Problem to work on: Below are the entries to work from; restate word for word the portion that opens with the line containing "l2). -2 \<le>" and closes with the line containing "nonnegative. Equivalently, p", keeping both.

Listed records:
(* Let $G$ be the cdf of a continuous real random variable. For $(\lambda_1,\lambda_2)\in\mathbb{R}^2$ define $$F_{R18b}(x)=(1+\lambda_1+\lambda_2)G(x)-(\lambda_1+2\lambda_2)G^2(x)+\lambda_2G^3(x),\qquad F_G(x)=\lambda_1 G(x)+(\lambda_2-\lambda_1)G^2(x)+(1-\lambda_2)G^3(x).$$ Let $\mathscr{S}_{R18b}=\{(\lambda_1,\lambda_2): -1\le\lambda_1\le1,\ 0\le\lambda_2\le1\}$, $\mathscr{S}_{MR18b}=\{(\lambda_1,\lambda_2): -2\le\lambda_1\le1,\ -2\le\lambda_2\le1,\ -1\le\lambda_1+\lambda_2\le2\}$ and $\mathscr{S}_{MG}=\{(\lambda_1,\lambda_2):0\le\lambda_1\le3,\ 0\le\lambda_2\le3,\ 0\le\lambda_1+\lambda_2\le3\}$. Then: (i) For every $(\lambda_1,\lambda_2)\in\mathscr{S}_{R18b}$, $F_{R18b}$ is a cdf. (ii) For every $(\lambda_1,\lambda_2)\in\mathscr{S}_{MR18b}$, $F_{R18b}$ is a cdf. (iii) For every $(\lambda_1,\lambda_2)\in\mathscr{S}_{MR18b}$, $(1+\lambda_1+\lambda_2,1-\lambda_2)\in\mathscr{S}_{MG}$ and $F_{R18b}$ with parameters $(\lambda_1,\lambda_2)$ coincides with $F_G$ with parameters $(1+\lambda_1+\lambda_2,1-\lambda_2)$. (iv) For every $(\lambda_1,\lambda_2)\in\mathscr{S}_{MG}$, $(\lambda_1+\lambda_2-2,1-\lambda_2)\in\mathscr{S}_{MR18b}$ and $F_G$ with parameters $(\lambda_1,\lambda_2)$ coincides with $F_{R18b}$ with parameters $(\lambda_1+\lambda_2-2,1-\lambda_2)$.
   Context: A cdf is a nondecreasing, right-continuous function $F:\mathbb{R}\to[0,1]$ with limits $0$ at $-\infty$ and $1$ at $+\infty$. $G^k(x)=(G(x))^k$. *)

theory Defs
  imports "HOL-Analysis.Analysis"
begin

text \<open>A cdf: nondecreasing, right-continuous, limits 0 at -infinity and 1 at +infinity
  (values in [0,1] follow but are stated explicitly as in the paper's definition).\<close>
definition is_cdf :: "(real \<Rightarrow> real) \<Rightarrow> bool" where
  "is_cdf F \<longleftrightarrow> mono F \<and> (\<forall>x. 0 \<le> F x \<and> F x \<le> 1) \<and>
     (\<forall>x. continuous (at_right x) F) \<and>
     (F \<longlongrightarrow> 0) at_bot \<and> (F \<longlongrightarrow> 1) at_top"

definition F_R18b :: "real \<Rightarrow> real \<Rightarrow> (real \<Rightarrow> real) \<Rightarrow> real \<Rightarrow> real" where
  "F_R18b l1 l2 G x = (1 + l1 + l2) * G x - (l1 + 2 * l2) * (G x)^2 + l2 * (G x)^3"

definition F_G :: "real \<Rightarrow> real \<Rightarrow> (real \<Rightarrow> real) \<Rightarrow> real \<Rightarrow> real" where
  "F_G l1 l2 G x = l1 * G x + (l2 - l1) * (G x)^2 + (1 - l2) * (G x)^3"

definition S_R18b :: "(real \<times> real) set" where
  "S_R18b = {(l1, l2). -1 \<le> l1 \<and> l1 \<le> 1 \<and> 0 \<le> l2 \<and> l2 \<le> 1}"

definition S_MR18b :: "(real \<times> real) set" where
  "S_MR18b = {(l1, l2). -2 \<le> l1 \<and> l1 \<le> 1 \<and> -2 \<le> l2 \<and> l2 \<le> 1 \<and> -1 \<le> l1 + l2 \<and> l1 + l2 \<le> 2}"

definition S_MG :: "(real \<times> real) set" where
  "S_MG = {(l1, l2). 0 \<le> l1 \<and> l1 \<le> 3 \<and> 0 \<le> l2 \<and> l2 \<le> 3 \<and> 0 \<le> l1 + l2 \<and> l1 + l2 \<le> 3}"

end

theory Submission
  imports Defs
begin

text \<open>Both families are G composed with the cubic
  p(t) = A t + (B - A) t^2 + (1 - B) t^3, which fixes 0 and 1, and any continuous map of [0,1]
  that is nondecreasing and fixes 0 and 1 turns a cdf into a cdf. Monotonicity of p for
  A, B \<ge> 0, A + B \<le> 3 is read off from the Bernstein form of its derivative,
  p'(t) = A (1 - t)^2 + 2 B t (1 - t) + (3 - A - B) t^2, whose coefficients are then all
  nonnegative. Equivalently, p is the mixture with weights A/3, B/3, (3 - A - B)/3 of the cdf
  transforms of the minimum, the median and the maximum of three independent draws from G.
  The remaining claims are a linear change of parameters.\<close>

definition cubic_transmutation :: "real \<Rightarrow> real \<Rightarrow> real \<Rightarrow> real" where
  "cubic_transmutation A B t = A * t + (B - A) * t^2 + (1 - B) * t^3"

lemma is_cdf_comp:
  fixes G h :: "real \<Rightarrow> real"
  assumes G: "is_cdf G" and h_cont: "continuous_on UNIV h" and h_mono: "mono_on {0..1} h"
    and h0: "h 0 = 0" and h1: "h 1 = 1"
  shows "is_cdf (\<lambda>x. h (G x))"
proof -
  have G_mono: "mono G" and G01: "\<And>x. G x \<in> {0..1}"
    and G_right: "\<And>x. continuous (at_right x) G"
    and G_bot: "(G \<longlongrightarrow> 0) at_bot" and G_top: "(G \<longlongrightarrow> 1) at_top"
    using G by (auto simp: is_cdf_def)
  have h_isCont: "isCont h y" for y
    using h_cont by (simp add: continuous_on_eq_continuous_at)
  have "mono (\<lambda>x. h (G x))"
    using G01 by (intro monoI mono_onD[OF h_mono]) (auto intro: monoD[OF G_mono])
  moreover have "0 \<le> h (G x) \<and> h (G x) \<le> 1" for x
    using mono_onD[OF h_mono, of 0 "G x"] mono_onD[OF h_mono, of "G x" 1] G01[of x] h0 h1
    by auto
  moreover have "continuous (at_right x) (\<lambda>x. h (G x))" for x
    using continuous_within_compose3[OF h_isCont G_right] .
  moreover have "((\<lambda>x. h (G x)) \<longlongrightarrow> 0) at_bot"
    using isCont_tendsto_compose[OF h_isCont G_bot] h0 by simp
  moreover have "((\<lambda>x. h (G x)) \<longlongrightarrow> 1) at_top"
    using isCont_tendsto_compose[OF h_isCont G_top] h1 by simp
  ultimately show ?thesis
    unfolding is_cdf_def by blast
qed

lemma cubic_transmutation_has_derivative:
  "(cubic_transmutation A B has_real_derivative
      A * (1 - t)^2 + 2 * B * t * (1 - t) + (3 - A - B) * t^2) (at t)"
proof -
  have "(cubic_transmutation A B has_real_derivative
      A + (B - A) * (2 * t) + (1 - B) * (3 * t^2)) (at t)"
    unfolding cubic_transmutation_def [abs_def]
    by (auto intro!: derivative_eq_intros)
  moreover have "A + (B - A) * (2 * t) + (1 - B) * (3 * t^2)
      = A * (1 - t)^2 + 2 * B * t * (1 - t) + (3 - A - B) * t^2"
    by (simp add: algebra_simps power2_eq_square)
  ultimately show ?thesis
    by simp
qed

lemma cubic_transmutation_mono_on:
  assumes "0 \<le> A" "0 \<le> B" "A + B \<le> 3"
  shows "mono_on {0..1} (cubic_transmutation A B)"
proof (rule mono_onI)
  fix s t :: real
  assume "s \<in> {0..1}" "t \<in> {0..1}" "s \<le> t"
  show "cubic_transmutation A B s \<le> cubic_transmutation A B t"
  proof (rule DERIV_nonneg_imp_nondecreasing[OF \<open>s \<le> t\<close>])
    fix u assume "s \<le> u" "u \<le> t"
    then have "0 \<le> A * (1 - u)^2 + 2 * B * u * (1 - u) + (3 - A - B) * u^2"
      using assms \<open>s \<in> {0..1}\<close> \<open>t \<in> {0..1}\<close>
      by (intro add_nonneg_nonneg mult_nonneg_nonneg) auto
    then show "\<exists>y. (cubic_transmutation A B has_real_derivative y) (at u) \<and> 0 \<le> y"
      using cubic_transmutation_has_derivative by blast
  qed
qed

lemma is_cdf_F_G:
  assumes "is_cdf G" "0 \<le> A" "0 \<le> B" "A + B \<le> 3"
  shows "is_cdf (F_G A B G)"
proof -
  have "F_G A B G = (\<lambda>x. cubic_transmutation A B (G x))"
    by (simp add: fun_eq_iff F_G_def cubic_transmutation_def)
  moreover have "is_cdf (\<lambda>x. cubic_transmutation A B (G x))"
  proof (rule is_cdf_comp[OF assms(1)])
    show "continuous_on UNIV (cubic_transmutation A B)"
      unfolding cubic_transmutation_def [abs_def] by (intro continuous_intros)
    show "mono_on {0..1} (cubic_transmutation A B)"
      using assms(2-4) by (rule cubic_transmutation_mono_on)
  qed (simp_all add: cubic_transmutation_def)
  ultimately show ?thesis
    by simp
qed

lemma F_R18b_eq_F_G: "F_R18b l1 l2 G = F_G (1 + l1 + l2) (1 - l2) G"
  by (simp add: fun_eq_iff F_R18b_def F_G_def algebra_simps)

lemma F_G_eq_F_R18b: "F_G l1 l2 G = F_R18b (l1 + l2 - 2) (1 - l2) G"
  by (simp add: fun_eq_iff F_R18b_def F_G_def algebra_simps)

lemma S_R18b_subset_S_MR18b: "S_R18b \<subseteq> S_MR18b"
  by (auto simp: S_R18b_def S_MR18b_def)

lemma S_MR18b_imp_S_MG: "(l1, l2) \<in> S_MR18b \<Longrightarrow> (1 + l1 + l2, 1 - l2) \<in> S_MG"
  by (simp add: S_MR18b_def S_MG_def)

lemma S_MG_imp_S_MR18b: "(l1, l2) \<in> S_MG \<Longrightarrow> (l1 + l2 - 2, 1 - l2) \<in> S_MR18b"
  by (simp add: S_MR18b_def S_MG_def)

lemma is_cdf_F_R18b:
  assumes "is_cdf G" "(l1, l2) \<in> S_MR18b"
  shows "is_cdf (F_R18b l1 l2 G)"
  using S_MR18b_imp_S_MG[OF assms(2)] unfolding F_R18b_eq_F_G
  by (intro is_cdf_F_G[OF assms(1)]) (auto simp: S_MG_def)

text \<open>Right-continuity of G suffices.\<close>

theorem proposition4:
  fixes G :: "real \<Rightarrow> real"
  assumes "is_cdf G" and "continuous_on UNIV G"
  shows "(\<forall>l1 l2. (l1, l2) \<in> S_R18b \<longrightarrow> is_cdf (F_R18b l1 l2 G)) \<and>
         (\<forall>l1 l2. (l1, l2) \<in> S_MR18b \<longrightarrow> is_cdf (F_R18b l1 l2 G)) \<and>
         (\<forall>l1 l2. (l1, l2) \<in> S_MR18b \<longrightarrow>
           (1 + l1 + l2, 1 - l2) \<in> S_MG \<and> F_R18b l1 l2 G = F_G (1 + l1 + l2) (1 - l2) G) \<and>
         (\<forall>l1 l2. (l1, l2) \<in> S_MG \<longrightarrow>
           (l1 + l2 - 2, 1 - l2) \<in> S_MR18b \<and> F_G l1 l2 G = F_R18b (l1 + l2 - 2) (1 - l2) G)"
proof (intro conjI allI impI)
  fix l1 l2 :: real
  show "is_cdf (F_R18b l1 l2 G)" if "(l1, l2) \<in> S_R18b"
    using that S_R18b_subset_S_MR18b by (intro is_cdf_F_R18b[OF assms(1)]) blast
  show "is_cdf (F_R18b l1 l2 G)" if "(l1, l2) \<in> S_MR18b"
    using that by (rule is_cdf_F_R18b[OF assms(1)])
  show "(1 + l1 + l2, 1 - l2) \<in> S_MG" if "(l1, l2) \<in> S_MR18b"
    using that by (rule S_MR18b_imp_S_MG)
  show "(l1 + l2 - 2, 1 - l2) \<in> S_MR18b" if "(l1, l2) \<in> S_MG"
    using that by (rule S_MG_imp_S_MR18b)
qed (rule F_R18b_eq_F_G F_G_eq_F_R18b)+

end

Task response:
  "S_MR18b = {(l1, l2). -2 \<le> l1 \<and> l1 \<le> 1 \<and> -2 \<le> l2 \<and> l2 \<le> 1 \<and> -1 \<le> l1 + l2 \<and> l1 + l2 \<le> 2}"

definition S_MG :: "(real \<times> real) set" where
  "S_MG = {(l1, l2). 0 \<le> l1 \<and> l1 \<le> 3 \<and> 0 \<le> l2 \<and> l2 \<le> 3 \<and> 0 \<le> l1 + l2 \<and> l1 + l2 \<le> 3}"

end

theory Submission
  imports Defs
begin

text \<open>Both families are G composed with the cubic
  p(t) = A t + (B - A) t^2 + (1 - B) t^3, which fixes 0 and 1, and any continuous map of [0,1]
  that is nondecreasing and fixes 0 and 1 turns a cdf into a cdf. Monotonicity of p for
  A, B \<ge> 0, A + B \<le> 3 is read off from the Bernstein form of its derivative,
  p'(t) = A (1 - t)^2 + 2 B t (1 - t) + (3 - A - B) t^2, whose coefficients are then all
  nonnegative. Equivalently, p is the mixture with weights A/3, B/3, (3 - A - B)/3 of the cdf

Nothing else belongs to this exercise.